Infectious models of neurological diseases

Much of what is known about the role of viruses in neurodegeneration has been learnt from animal models (Table 3). These experimental diseases show that neuronal damage is often caused directly by viral infection, or by immune responses that occur in attempts to remove virus-infected cells. In the former case, for example, transgenic mice expressing genes of the human foamy virus develop severe neurodegeneration, indicating that such gene products are indeed neurotoxic.78

The impact of the immune response in neurodegeneration frequently involves cytotoxic T-cell-mediated lysis of neurons that express viral antigens in the context of MHC class I. An example is tick-borne encephalitis.79 Recent experimental studies indicate that CD8+ cells may well contribute to an immunopathological process leading to neuronal damage.80 Also, pathogenic antibodies may lead to neurodegeneration. The neuronal damage observed in the LP-BM5 murine leukaemia virus infection of mice is associated with the development of autoantibodies to the α-amino-3-hydroxy-5-methylisoxazole-4-propionic acid (AMPA) receptor.81 Another mouse model of viral-induced neuronal death is lymphocytic choriomeningitis virus (LCMV) infection. LCMV is a human pathogen that causes substantial injury to the developing brain, the disease which can be modelled in rats. In many cases, LCMV remains latent and only in the presence of an activated immune response does neuronal damage ensue.82 The neurovirulence of ecotropic murine retroviruses causes a spongiform neurodegenerative disease. This is a result of protein misfolding in experimental animals, similar to that observed in several human degenerative disorders.83 Likewise, infection with herpes simplex virus 1 (HSV-1) induces neurite damage and neuronal death. While the exact involvement of the immune response in this context is unclear, it has been suggested that neurodegeneration is caused by cytoskeletal disruption.84

Borna disease virus is a neurotropic virus that targets the neurons of the limbic system and is associated with behavioural abnormalities. The virus infects and induces disease in a wide range of animals and thus is a useful model for studying neurological disorders in humans.85 The disease consists of an acute phase, characterized by CD4 and CD8 T-cell infiltration, and a chronic phase. Neurological damage has been associated with immune damage and more recently has been suggested to result from the activation of microglia by astrocytes.
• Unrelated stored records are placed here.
lemma index_kron:
  "i < dim_row A * dim_row B \<Longrightarrow> j < dim_col A * dim_col B \<Longrightarrow>
   kron A B $$ (i,j) = A $$ (i div dim_row B, j div dim_col B) * B $$ (i mod dim_row B, j mod dim_col B)"
  unfolding kron_def by (subst index_mat(1)) auto

lemma dim_pauli_mat [simp]:
  "dim_row (pauli_mat n s) = 2^n" "dim_col (pauli_mat n s) = 2^n"
  by (induction n) auto

lemma pauli_mat_carrier [simp]: "pauli_mat n s \<in> carrier_mat (2^n) (2^n)"
  by (rule carrier_matI) simp_all

lemma index_pauli_mat_Suc:
  assumes "i < 2^n" "j < 2^n" "a < 2" "b < 2"
  shows "pauli_mat (Suc n) s $$ (2*i + a, 2*j + b) = pauli_mat n s $$ (i,j) * pauli_mat1 (s n) $$ (a,b)"
proof -
  have "2*i + a < 2^n * 2" "2*j + b < 2^n * 2"
    using assms by linarith+
  moreover have "(2*i + a) div 2 = i" "(2*j + b) div 2 = j" "(2*i + a) mod 2 = a" "(2*j + b) mod 2 = b"
    using assms by simp_all
  ultimately show ?thesis
    unfolding pauli_mat.simps by (subst index_kron) simp_all
qed

lemma pauli_mat_nonzero_entry: "\<exists>i<2^n. \<exists>j<2^n. pauli_mat n s $$ (i,j) \<noteq> 0"
proof (induction n)
  case 0
  then show ?case by simp
next
  case (Suc n)
  then obtain i j where ij: "i < 2^n" "j < 2^n" "pauli_mat n s $$ (i,j) \<noteq> 0"
    by blast
  obtain a b where ab: "a < 2" "b < 2" "pauli_mat1 (s n) $$ (a,b) \<noteq> 0"
    using pauli_mat1_nonzero_entry by blast
  have "2*i + a < 2^Suc n" "2*j + b < 2^Suc n"
    using ij ab by auto
  with ij ab show ?case
    by (metis index_pauli_mat_Suc mult_eq_0_iff)
qed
Among the neurological diseases related to bacterial infection, pneumococcal meningitis is the main cause for lasting neurological disabilities. Bacterial meningitis is a serious infection in the brain and spinal cord membranes, caused by Streptococcus pneumoniae. A new pneumococcal meningitis model was established in mice, using a strain of S. pneumoniae in which infected mice showed persistent deficits in spatial learning, despite normal motor function.86 These observations mimic the typical neuropsychological sequelae of human bacterial and viral meningitis.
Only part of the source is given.